Honda has reached an agreement with battery developer SES (formerly SolidEnergy Systems) to jointly develop lithium metal batteries for electric vehicles. Honda also plans to acquire about two per cent of the battery developer’s shares as part of SES’s planned initial public offering.
SES wants to go public on the New York Stock Exchange via a SPAC merger. Upon completion of the merger, Honda says it plans to “acquire approximately two per cent of the shares of SES AI Corporation, the company to be listed on the NYSE”.
SES uses a high energy density lithium metal anode, a protective anode coating and a “proprietary, highly concentrated solvent-in-salt liquid electrolyte” in its battery cell. Qichao Hu, founder and CEO of SES, had stated in July that the battery should come to an energy density of 400 Wh/kg at the cell level. Well-known investors and development partners are General Motors and Hyundai-Kia.
Not only for SES is the cooperation with Honda one among many. The Japanese carmaker itself says that the development agreement with SES is part of its overall battery strategy. In addition to the cooperation with SES, Honda is conducting independent research on solid-state batteries and is planning a demonstration line for this financial year.

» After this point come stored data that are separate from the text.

lemma DeltaQ_eigenvector:
  assumes "Q *v v = \<mu> *\<^sub>R v" "norm v = 1"
  shows "DeltaQ Q u v = (trace Q - 2 * \<mu>) * (u \<bullet> u) - u \<bullet> (Q *v u) + 2 * \<mu> * (u \<bullet> v)\<^sup>2"
proof -
  have "v \<bullet> (Q *v v) = \<mu>"
    using assms by (simp add: dot_square_norm)
  then have "DeltaQ Q u v = u \<bullet> ((trace Q - 2 * \<mu>) *\<^sub>R u - Q *v u + 2 *\<^sub>R ((v \<bullet> u) *\<^sub>R (Q *v v)))"
    unfolding DeltaQ_def
    by (simp add: matrix_vector_mult_add_rdistrib matrix_vector_mult_diff_rdistrib
        matrix_scaleR_vector_ac[symmetric] matrix_mult_outer_vector scaleR_matrix_vector_assoc)
  then show ?thesis
    using assms(1) by (simp add: inner_diff_right inner_add_right power2_eq_square inner_commute)
qed

lemma sum_DeltaQ_orthonormal:
  fixes e :: "3 \<Rightarrow> real^3"
  assumes on: "\<And>i j. e i \<bullet> e j = (if i = j then 1 else 0)"
    and "Q *v v = \<mu> *\<^sub>R v" "norm v = 1"
  shows "(\<Sum>i\<in>UNIV. DeltaQ Q (e i) v) = 2 * trace Q - 4 * \<mu>"
proof -
  have parseval: "(\<Sum>i\<in>UNIV. (e i \<bullet> v)\<^sup>2) = 1"
    using inner_eq_sum_orthonormal[OF on, of v v] \<open>norm v = 1\<close>
    by (simp add: power2_eq_square dot_square_norm)
  have "(\<Sum>i\<in>UNIV. DeltaQ Q (e i) v)
      = (\<Sum>i\<in>UNIV. (trace Q - 2 * \<mu>) - e i \<bullet> (Q *v e i) + 2 * \<mu> * (e i \<bullet> v)\<^sup>2)"
    using on by (simp add: DeltaQ_eigenvector[OF assms(2,3)])
  also have "\<dots> = 3 * (trace Q - 2 * \<mu>) - trace Q + 2 * \<mu>"
    by (simp add: sum.distrib sum_subtractf trace_eq_sum_orthonormal[OF on, of Q]
        sum_distrib_left[symmetric] parseval)
  finally show ?thesis by simp
qed

lemma sum_DeltaQ_eigenspace:
  fixes e :: "3 \<Rightarrow> real^3"
  assumes "transpose Q = Q"
    and on: "\<And>i j. e i \<bullet> e j = (if i = j then 1 else 0)"
    and eig: "\<And>i. Q *v e i = a i *\<^sub>R e i"
    and v: "Q *v v = \<mu> *\<^sub>R v" "norm v = 1"
  shows "(\<Sum>i | a i = \<mu>. DeltaQ Q (e i) v) = card {i. a i = \<mu>} * (trace Q - 3 * \<mu>) + 2 * \<mu>"
proof -
  let ?S = "{i. a i = \<mu>}"
  have "(\<Sum>i\<in>?S. (e i \<bullet> v)\<^sup>2) = (\<Sum>i\<in>UNIV. (e i \<bullet> v)\<^sup>2)"
    using inner_eigenvectors_eq_0[OF assms(1) eig v(1)] by (intro sum.mono_neutral_left) auto
  also have "\<dots> = 1"
    using inner_eq_sum_orthonormal[OF on, of v v] v(2)
    by (simp add: power2_eq_square dot_square_norm)
  finally have parseval: "(\<Sum>i\<in>?S. (e i \<bullet> v)\<^sup>2) = 1" .
  have "(\<Sum>i\<in>?S. DeltaQ Q (e i) v) = (\<Sum>i\<in>?S. (trace Q - 3 * \<mu>) + 2 * \<mu> * (e i \<bullet> v)\<^sup>2)"
    using on eig by (intro sum.cong) (simp_all add: DeltaQ_eigenvector[OF v])
  also have "\<dots> = card ?S * (trace Q - 3 * \<mu>) + 2 * \<mu>"
    by (simp add: sum.distrib sum_distrib_left[symmetric] parseval)
  finally show ?thesis .
qed

lemma sum_le_card_mult_Max:
  fixes f :: "'a \<Rightarrow> real"
  assumes "finite U" "g ` S \<subseteq> U"
  shows "(\<Sum>i\<in>S. f (g i)) \<le> card S * Max (f ` U)"
  using assms by (intro sum_bounded_above) auto

lemma DeltaQ_star_ge_orthonormal:
  fixes e :: "3 \<Rightarrow> real^3"
  assumes ev: "eigenvalues3 Q l1 l2 l3" and "finite U"
    and on: "\<And>i j. e i \<bullet> e j = (if i = j then 1 else 0)" and "range e \<subseteq> U"
  shows "2/3 * (trace Q - 2 * Max {l1, l2, l3}) \<le> DeltaQ_star Q U"
  unfolding DeltaQ_star_def
proof (rule cINF_greatest[OF unit_eigvecs_nonempty[OF ev]])
  fix v assume "v \<in> unit_eigvecs Q"
  then obtain \<mu> where v: "Q *v v = \<mu> *\<^sub>R v" "norm v = 1"
    unfolding unit_eigvecs_def by blast
  have "\<mu> \<le> Max {l1, l2, l3}"
    using eigenvalue_mem_eigenvalues3[OF ev v(2,1)] by (intro Max_ge) auto
  moreover have "2 * trace Q - 4 * \<mu> \<le> 3 * Max ((\<lambda>u. DeltaQ Q u v) ` U)"
    using sum_le_card_mult_Max[OF \<open>finite U\<close> \<open>range e \<subseteq> U\<close>, of "\<lambda>u. DeltaQ Q u v"]
    by (simp add: sum_DeltaQ_orthonormal[OF on v])
  ultimately show "2/3 * (trace Q - 2 * Max {l1, l2, l3}) \<le> Max ((\<lambda>u. DeltaQ Q u v) ` U)"
    by (simp add: field_simps)
qed

lemma DeltaQ_star_ge_eigenbasis:
  fixes e :: "3 \<Rightarrow> real^3"
  assumes sym: "transpose Q = Q" and ev: "eigenvalues3 Q l1 l2 l3" and "finite U"
    and on: "\<And>i j. e i \<bullet> e j = (if i = j then 1 else 0)"
    and range: "range e \<subseteq> U \<inter> unit_eigvecs Q"
    and bound: "\<And>\<mu>. \<mu> \<in># {#l1, l2, l3#} \<Longrightarrow>
      b \<le> trace Q - 3 * \<mu> + 2 * \<mu> / count {#l1, l2, l3#} \<mu>"
  shows "b \<le> DeltaQ_star Q U"
  unfolding DeltaQ_star_def
proof (rule cINF_greatest[OF unit_eigvecs_nonempty[OF ev]])
  have "\<exists>c. Q *v e i = c *\<^sub>R e i" for i
    using range unfolding unit_eigvecs_def by blast
  then obtain a where eig: "\<And>i. Q *v e i = a i *\<^sub>R e i"
    by metis
  fix v assume "v \<in> unit_eigvecs Q"
  then obtain \<mu> where v: "Q *v v = \<mu> *\<^sub>R v" "norm v = 1"
    unfolding unit_eigvecs_def by blast
  define k where "k = real (card {i. a i = \<mu>})"
  have "k = count {#l1, l2, l3#} \<mu>"
    using mset_eigenvalues3_eigenbasis[OF ev on eig] count_image_mset_mset_set_UNIV k_def by metis
  moreover have "\<mu> \<in># {#l1, l2, l3#}"
    using eigenvalue_mem_eigenvalues3[OF ev v(2,1)] by auto
  ultimately have "k > 0" and "b \<le> trace Q - 3 * \<mu> + 2 * \<mu> / k"
    using bound by auto
  then have "k * b \<le> k * (trace Q - 3 * \<mu>) + 2 * \<mu>"
    by (simp add: field_simps)
  also have "\<dots> \<le> k * Max ((\<lambda>u. DeltaQ Q u v) ` U)"
    using sum_le_card_mult_Max[OF \<open>finite U\<close>, of e "{i. a i = \<mu>}" "\<lambda>u. DeltaQ Q u v"]
      range sum_DeltaQ_eigenspace[OF sym on eig v] k_def by auto
  finally show "b \<le> Max ((\<lambda>u. DeltaQ Q u v) ` U)"
    using \<open>k > 0\<close> by simp
qed

lemma orthonormal_family_of_triple:
  assumes "\<exists>e1\<in>S. \<exists>e2\<in>S. \<exists>e3\<in>S. e1 \<bullet> e2 = 0 \<and> e1 \<bullet> e3 = 0 \<and> e2 \<bullet> e3 = 0"
    and "S \<subseteq> {u. norm u = 1}"
  obtains e :: "3 \<Rightarrow> real^3"
  where "\<And>i j. e i \<bullet> e j = (if i = j then 1 else 0)" and "range e \<subseteq> S"
proof -
  obtain e1 e2 e3 where S: "e1 \<in> S" "e2 \<in> S" "e3 \<in> S"
    and orth: "e1 \<bullet> e2 = 0" "e1 \<bullet> e3 = 0" "e2 \<bullet> e3 = 0"
    using assms(1) by blast
  then have "e1 \<bullet> e1 = 1" "e2 \<bullet> e2 = 1" "e3 \<bullet> e3 = 1"
    using assms(2) by (auto simp: dot_square_norm)
  define e where "e = (\<lambda>i::3. if i = 1 then e1 else if i = 2 then e2 else e3)"
  have "e i \<bullet> e j = (if i = j then 1 else 0)" for i j
    using exhaust_3[of i] exhaust_3[of j] orth \<open>e1 \<bullet> e1 = 1\<close> \<open>e2 \<bullet> e2 = 1\<close> \<open>e3 \<bullet> e3 = 1\<close>
    by (auto simp: e_def inner_commute)
  moreover have "range e \<subseteq> S"
    unfolding UNIV_3 e_def using S by auto
  ultimately show thesis
    using that by blast
qed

Despite its own development, Honda wants to keep options open. “Recognizing the advanced technologies of SES, Honda signed a joint development agreement with SES with the aim to establish a good relationship with SES and expeditiously generate substantial achievements through our joint research activities,” said Shinji Aoyama, Managing Executive Officer in Charge of Electrification at Honda Motor. “Honda will continue to establish collaborative relationships with companies which have advanced technologies, as needed, to offer highly-competitive and attractive EVs to our customers.”
Just last week, it was revealed that Honda is also considering a cooperation with LG Energy Solution. The two companies are currently negotiating the construction of a joint battery factory in the US, but where conventional lithium-ion batteries based on NMC cathodes and liquid electrolytes will probably still be manufactured.